The remote node will be configured to transmit data every 60 seconds to another Whisper Node, acting as a gateway/base station and located 100 meters away. The data will be finally uploaded to a Google Could server running InfluxDB and Grafana to display the data.
Be aware that this won’t be a short 20 lines story! The information here will focus on low-power measurement and techniques, as well a detailed analysis of how much energy we really have available from a coin-cell.
This post will present many practical tests and some maths, sparing some common knowledge like: how to put your Arduino to sleep, which can be easily found on the Internet.
We all know, or at least have an idea, how to put a few sensors and an Arduino together. It’s great and lots of fun to see the data being collected and printed over a Serial Terminal. Unfortunately things start to get more complicated when we need to move this bench sketch to the real world scenario. Normally far away from a computers, power-outlets or USB cables.
Knowing there are difficulties and pit-falls, this article aims to guide the reader through how a real-life, remote, low-power solution can be built to work according to the expectations. The Temperature and Humidity sensor is just an example and similar principles can be tailored for many other project.

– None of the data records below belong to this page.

lemma Pn_plus_many_low_event_tendsto_0:
  "(\<lambda>n. Pn_plus n (many_low_event n a (2 ^ (n - 2 - j)))) \<longlonglongrightarrow> 0"
proof -
  let ?q = "measure std_normal {- a..}"
  obtain s where s: "0 \<le> s" "?q < measure std_normal {- s..} ^ 2 ^ (j + 3)"
    using exists_measure_std_normal_atLeast_power_gt[OF measure_std_normal_atLeast_less_1] by blast
  define \<rho> where "\<rho> = ?q / measure std_normal {- s..} ^ 2 ^ (j + 3)"
  have \<rho>: "0 \<le> \<rho>" "\<rho> < 1"
    using s measure_std_normal_atLeast_pos[of "- s"] by (simp_all add: \<rho>_def)
  have half: "n div 2 * 2 \<le> n" for n :: nat
    by simp
  have "filterlim (\<lambda>n. (n - 2 - j) - (n - n div 2 + 1)) at_top sequentially"
    by (rule filterlim_at_top_mono[OF filterlim_div_2_minus_at_top[of "j + 3"]])
       (use half in \<open>auto intro!: always_eventually\<close>)
  moreover have "filterlim (\<lambda>n. n - n div 2 + 1) at_top sequentially"
    by (rule filterlim_at_top_mono[OF filterlim_div_2_minus_at_top[of 0]]) (auto intro!: always_eventually)
  ultimately have lim: "(\<lambda>n. \<rho> ^ 2 ^ (n - 2 - j) / measure std_normal {s..} ^ 2 ^ (n - n div 2 + 1)) \<longlonglongrightarrow> 0"
    using \<rho> by (intro power_two_power_ratio_tendsto_0) (simp_all add: measure_std_normal_atLeast_pos)
  have "\<forall>\<^sub>F n in sequentially. 0 \<le> Pn_plus n (many_low_event n a (2 ^ (n - 2 - j)))"
    by (simp add: Pn_plus_def measure_nonneg)
  moreover have "\<forall>\<^sub>F n in sequentially. Pn_plus n (many_low_event n a (2 ^ (n - 2 - j)))
                   \<le> \<rho> ^ 2 ^ (n - 2 - j) / measure std_normal {s..} ^ 2 ^ (n - n div 2 + 1)"
    using eventually_ge_at_top[of "j + 2"]
    by eventually_elim (use Pn_plus_many_low_event_le s(1) in \<open>simp add: \<rho>_def\<close>)
  ultimately show ?thesis
    by (rule tendsto_sandwich[OF _ _ tendsto_const lim])
qed

section \<open>Under \<open>P\<^sub>n\<close> many low vertices are likely\<close>

definition flip_below :: "nat \<Rightarrow> nat \<Rightarrow> vertex set \<Rightarrow> (vertex \<Rightarrow> real) \<Rightarrow> (vertex \<Rightarrow> real)" where
  "flip_below n j T g = (\<lambda>i\<in>Tn n - {[]}. (if j < length i \<and> take j i \<in> T then uminus else id) (g i))"

lemma flip_below_measurable: "flip_below n j T \<in> measurable (increments n) (increments n)"
  unfolding flip_below_def increments_def
  by (intro measurable_restrict measurable_compose[OF measurable_component_singleton]) auto

lemma distr_flip_below: "distr (increments n) (increments n) (flip_below n j T) = increments n"
proof -
  interpret product_prob_space "\<lambda>_. std_normal" "Tn n - {[]}"
    by (rule product_prob_spaceI) (rule prob_space_std_normal)
  have "distr std_normal std_normal uminus = std_normal"
    using distr_std_normal_uminus by (simp cong: distr_cong)
  then show ?thesis
    unfolding flip_below_def increments_def
    by (intro distr_PiM_coordinatewise) (auto simp: finite_Tn distr_id)
qed

lemma path_sum_flip_below:
  assumes "y \<in> Tn n"
  shows "path_sum j (flip_below n j T g) y = (if take j y \<in> T then - path_sum j g y else path_sum j g y)"
proof -
  have "flip_below n j T g (take t y) = (if take j y \<in> T then - g (take t y) else g (take t y))"
    if "t \<in> {Suc j..length y}" for t
    using assms that by (auto simp: flip_below_def Tn_def min_def)
  then show ?thesis
    by (cases "take j y \<in> T") (simp_all add: path_sum_def sum_negf)
qed

definition rising_majority :: "nat \<Rightarrow> nat \<Rightarrow> (vertex \<Rightarrow> real) set" where
  "rising_majority n j = {g \<in> space (increments n). \<forall>z\<in>Ln j.
     card {y \<in> descendants (n - 1) z. path_sum j g y < 0} < card {y \<in> descendants (n - 1) z. 0 < path_sum j g y}}"

lemma rising_majority_sets[measurable]: "rising_majority n j \<in> sets (increments n)"
proof -
  have fin: "finite (descendants (n - 1) z)" for z
    by (simp add: descendants_def finite_Ln)
  have "rising_majority n j = {g \<in> space (increments n). \<forall>z\<in>Ln j.
     real (card {y \<in> descendants (n - 1) z. path_sum j g y < 0})
       < real (card {y \<in> descendants (n - 1) z. 0 < path_sum j g y})}"
    by (simp add: rising_majority_def)
  also have "\<dots> = {g \<in> space (increments n). \<forall>z\<in>Ln j.
     (\<Sum>y\<in>descendants (n - 1) z. if path_sum j g y < 0 then 1 else 0 :: real)
       < (\<Sum>y\<in>descendants (n - 1) z. if 0 < path_sum j g y then 1 else 0)}"
    by (simp only: of_nat_card_filter[OF fin])
  also have "\<dots> \<in> sets (increments n)"
    using finite_Ln[of j] fin by measurable
  finally show ?thesis .
qed

lemma flip_below_rising_majority_disjoint:
  assumes "T \<subseteq> Ln j" "T' \<subseteq> Ln j" "T \<noteq> T'"
    and "flip_below n j T g \<in> rising_majority n j"
  shows "flip_below n j T' g \<notin> rising_majority n j"
proof
  assume T': "flip_below n j T' g \<in> rising_majority n j"
  obtain z where z: "z \<in> Ln j" "z \<in> T \<longleftrightarrow> z \<notin> T'"
    using assms(1-3) by blast
  let ?D = "descendants (n - 1) z"
  have "path_sum j (flip_below n j T g) y = - path_sum j (flip_below n j T' g) y" if "y \<in> ?D" for y
  proof -
    have "y \<in> Tn n" "take j y = z"
      using that z(1) by (auto simp: descendants_def Ln_def Tn_def)
    then show ?thesis
      using z(2) by (simp add: path_sum_flip_below)
  qed
  then have "{y \<in> ?D. path_sum j (flip_below n j T g) y < 0} = {y \<in> ?D. 0 < path_sum j (flip_below n j T' g) y}"
    "{y \<in> ?D. 0 < path_sum j (flip_below n j T g) y} = {y \<in> ?D. path_sum j (flip_below n j T' g) y < 0}"
    by auto
  then show False
    using assms(4) T' z(1) by (fastforce simp: rising_majority_def)
qed

lemma measure_rising_majority_le: "measure (increments n) (rising_majority n j) \<le> 1 / 2 ^ 2 ^ j"
proof -
  interpret prob_space "increments n" by (rule prob_space_increments)
  have "real (card (Pow (Ln j))) * prob (rising_majority n j) \<le> 1"
  proof (rule card_mult_prob_le_1_of_disjoint_preimages)
    show "disjoint_family_on (\<lambda>T. flip_below n j T -` rising_majority n j \<inter> space (increments n)) (Pow (Ln j))"
      unfolding disjoint_family_on_def using flip_below_rising_majority_disjoint by blast
  qed (simp_all add: finite_Ln flip_below_measurable distr_flip_below)
  then show ?thesis
    by (simp add: card_Pow finite_Ln card_Ln field_simps)
qed

definition large_increment_event :: "nat \<Rightarrow> nat \<Rightarrow> real \<Rightarrow> (vertex \<Rightarrow> real) set" where
  "large_increment_event n j b = {g \<in> space (increments n). \<exists>i\<in>Tn j - {[]}. b < g i}"

lemma large_increment_event_sets[measurable]: "large_increment_event n j b \<in> sets (increments n)"
  unfolding large_increment_event_def using finite_Tn[of j] by measurable

lemma measure_large_increment_event_le:
  assumes "j \<le> n"
  shows "measure (increments n) (large_increment_event n j b) \<le> 2 ^ (j + 1) * measure std_normal {b<..}"
proof -
  interpret G: prob_space "increments n" by (rule prob_space_increments)
  interpret product_prob_space "\<lambda>_. std_normal" "Tn n - {[]}"
    by (rule product_prob_spaceI) (rule prob_space_std_normal)
  let ?K = "Tn j - {[]}"
  let ?E = "\<lambda>i. {g \<in> space (increments n). b < g i}"
  have "measure (increments n) (large_increment_event n j b) = measure (increments n) (\<Union>i\<in>?K. ?E i)"
    by (rule arg_cong[where f = "measure (increments n)"]) (auto simp: large_increment_event_def)
  also have "\<dots> \<le> (\<Sum>i\<in>?K. measure (increments n) (?E i))"
    using finite_Tn by (intro G.finite_measure_subadditive_finite) auto
  also have "\<dots> = (\<Sum>i\<in>?K. measure std_normal {b<..})"
  proof (rule sum.cong)
    fix i assume "i \<in> ?K"
    then have "i \<in> Tn n - {[]}"
      using assms by (auto simp: Tn_def)
    then show "measure (increments n) (?E i) = measure std_normal {b<..}"
      using emeasure_PiM_Collect_single[of i "{b<..}"] by (simp add: increments_def measure_def)
  qed simp
  also have "\<dots> \<le> 2 ^ (j + 1) * measure std_normal {b<..}"
  proof -
    have "card ?K \<le> 2 ^ (j + 1)"
      using card_mono[OF finite_Tn, of ?K j] card_Tn_le[of j] by auto
    then have "real (card ?K) \<le> 2 ^ (j + 1)"
      using of_nat_mono by fastforce
    then show ?thesis
      by (simp add: mult_right_mono)
  qed
  finally show ?thesis .
qed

Finally, the reason for choosing the DHT11 and a CR2032 was to create a sense of bigger challenge. If you already had the opportunity to work with both parts you know that the DHT11 is a very slow and clunky sensor, theoretically incompatible with low-power. At the same time the CR2032 has very little capacity, no more than 650 milliwatts hour* of energy!
*For comparison, a single AA Alkaline has over 3000 milliwatts hour!
So readers don’t get bored, I’ve decided to show part of the final results before getting into the full technical details. Below you can see two Grafana screen-shots using the data published to the cloud, followed by the prototype and final hardware:
In terms of energy, we conclude that our solutions had only 171mA/h @ 3.3v available. In other words 564mW/h, and we’ll prove that we can make it run for almost two years!
All calculations, together with practical scope captures will be demonstrated below. Although it might sound boring and difficult, you just need to know how to add, divide and multiply.
As a final word, low-power is not quite the most simple subject, some thinking, persistence and trial+error are necessary to get the most of a battery.